Dataset entries:
□ □ □ □ □
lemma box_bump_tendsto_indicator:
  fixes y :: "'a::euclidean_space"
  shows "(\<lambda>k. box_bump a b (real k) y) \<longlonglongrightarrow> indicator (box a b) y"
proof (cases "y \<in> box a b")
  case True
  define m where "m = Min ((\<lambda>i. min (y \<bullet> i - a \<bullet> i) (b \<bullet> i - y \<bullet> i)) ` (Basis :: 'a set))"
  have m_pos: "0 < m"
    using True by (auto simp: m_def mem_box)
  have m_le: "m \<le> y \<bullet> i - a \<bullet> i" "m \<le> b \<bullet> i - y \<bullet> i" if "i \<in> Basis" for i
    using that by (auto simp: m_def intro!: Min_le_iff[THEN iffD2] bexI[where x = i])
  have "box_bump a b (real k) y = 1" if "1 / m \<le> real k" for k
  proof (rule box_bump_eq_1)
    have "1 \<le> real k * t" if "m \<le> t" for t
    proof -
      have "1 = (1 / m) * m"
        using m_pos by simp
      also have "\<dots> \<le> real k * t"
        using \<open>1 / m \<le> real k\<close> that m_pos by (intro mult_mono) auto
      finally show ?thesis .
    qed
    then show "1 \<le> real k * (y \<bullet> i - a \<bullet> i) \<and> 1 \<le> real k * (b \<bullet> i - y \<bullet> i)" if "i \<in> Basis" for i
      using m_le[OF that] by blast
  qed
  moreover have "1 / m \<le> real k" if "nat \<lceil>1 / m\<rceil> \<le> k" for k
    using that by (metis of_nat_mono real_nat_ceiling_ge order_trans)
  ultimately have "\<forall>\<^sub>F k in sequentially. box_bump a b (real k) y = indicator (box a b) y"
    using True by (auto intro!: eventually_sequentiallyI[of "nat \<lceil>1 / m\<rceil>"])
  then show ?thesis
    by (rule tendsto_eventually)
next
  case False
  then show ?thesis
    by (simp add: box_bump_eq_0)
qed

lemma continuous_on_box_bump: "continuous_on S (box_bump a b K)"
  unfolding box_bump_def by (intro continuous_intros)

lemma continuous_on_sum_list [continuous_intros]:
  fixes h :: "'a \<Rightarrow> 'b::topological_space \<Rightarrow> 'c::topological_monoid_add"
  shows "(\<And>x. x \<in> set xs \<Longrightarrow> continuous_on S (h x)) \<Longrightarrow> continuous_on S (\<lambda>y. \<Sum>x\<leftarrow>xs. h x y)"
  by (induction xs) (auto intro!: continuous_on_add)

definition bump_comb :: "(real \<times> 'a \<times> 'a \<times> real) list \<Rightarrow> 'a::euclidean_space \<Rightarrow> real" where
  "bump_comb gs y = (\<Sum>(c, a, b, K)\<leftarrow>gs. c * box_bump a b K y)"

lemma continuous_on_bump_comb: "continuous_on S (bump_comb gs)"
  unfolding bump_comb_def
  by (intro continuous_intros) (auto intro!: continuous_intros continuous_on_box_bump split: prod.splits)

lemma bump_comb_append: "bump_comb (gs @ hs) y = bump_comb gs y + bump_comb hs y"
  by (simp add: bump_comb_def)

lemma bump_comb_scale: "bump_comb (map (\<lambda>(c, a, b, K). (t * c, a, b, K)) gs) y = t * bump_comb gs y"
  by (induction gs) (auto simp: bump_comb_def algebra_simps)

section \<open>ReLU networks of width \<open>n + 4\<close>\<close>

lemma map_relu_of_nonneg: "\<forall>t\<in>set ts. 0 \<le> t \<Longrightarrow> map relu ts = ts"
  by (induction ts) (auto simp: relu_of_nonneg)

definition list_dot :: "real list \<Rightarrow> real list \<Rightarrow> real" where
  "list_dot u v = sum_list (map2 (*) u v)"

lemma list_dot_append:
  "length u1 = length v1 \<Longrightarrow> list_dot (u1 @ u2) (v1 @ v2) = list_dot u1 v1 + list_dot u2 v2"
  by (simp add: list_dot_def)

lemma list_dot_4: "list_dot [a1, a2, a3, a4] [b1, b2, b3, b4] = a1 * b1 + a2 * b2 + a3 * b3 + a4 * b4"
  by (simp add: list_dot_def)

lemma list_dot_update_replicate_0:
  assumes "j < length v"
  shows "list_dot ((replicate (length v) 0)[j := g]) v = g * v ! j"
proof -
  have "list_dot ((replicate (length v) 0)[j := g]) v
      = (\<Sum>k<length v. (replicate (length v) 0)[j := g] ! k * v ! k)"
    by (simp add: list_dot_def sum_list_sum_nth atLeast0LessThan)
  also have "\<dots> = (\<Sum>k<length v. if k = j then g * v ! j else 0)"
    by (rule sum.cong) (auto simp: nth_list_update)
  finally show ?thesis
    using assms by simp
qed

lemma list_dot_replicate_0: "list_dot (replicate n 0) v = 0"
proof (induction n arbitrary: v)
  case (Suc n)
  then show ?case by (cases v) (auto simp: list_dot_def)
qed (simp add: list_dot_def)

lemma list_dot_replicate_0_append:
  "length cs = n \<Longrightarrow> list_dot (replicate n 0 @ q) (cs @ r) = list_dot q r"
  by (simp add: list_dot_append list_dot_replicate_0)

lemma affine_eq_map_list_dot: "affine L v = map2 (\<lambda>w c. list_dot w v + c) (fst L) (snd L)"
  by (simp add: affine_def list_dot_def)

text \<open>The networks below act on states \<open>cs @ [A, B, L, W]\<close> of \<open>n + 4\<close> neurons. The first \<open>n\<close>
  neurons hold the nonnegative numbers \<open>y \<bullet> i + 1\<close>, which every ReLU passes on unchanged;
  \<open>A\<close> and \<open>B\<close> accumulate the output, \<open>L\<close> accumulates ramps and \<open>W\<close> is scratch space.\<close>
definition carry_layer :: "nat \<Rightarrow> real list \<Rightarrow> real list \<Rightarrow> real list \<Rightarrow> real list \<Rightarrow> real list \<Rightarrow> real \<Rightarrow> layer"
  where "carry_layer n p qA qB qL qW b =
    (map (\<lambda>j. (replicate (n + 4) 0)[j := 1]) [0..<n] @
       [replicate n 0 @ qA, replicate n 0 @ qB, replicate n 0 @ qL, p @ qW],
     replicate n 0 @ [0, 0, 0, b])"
□ □ □ □ □
> _PROBLEM TO WORK ON_
Using the entries above, give again exactly the lines from the line holding "by (intro continuous_intros) (auto" through the line holding "t * bump_comb". Include both end lines and nothing else.

> _REPLY TO THE EXERCISE_
  by (intro continuous_intros) (auto intro!: continuous_intros continuous_on_box_bump split: prod.splits)

lemma bump_comb_append: "bump_comb (gs @ hs) y = bump_comb gs y + bump_comb hs y"
  by (simp add: bump_comb_def)

lemma bump_comb_scale: "bump_comb (map (\<lambda>(c, a, b, K). (t * c, a, b, K)) gs) y = t * bump_comb gs y"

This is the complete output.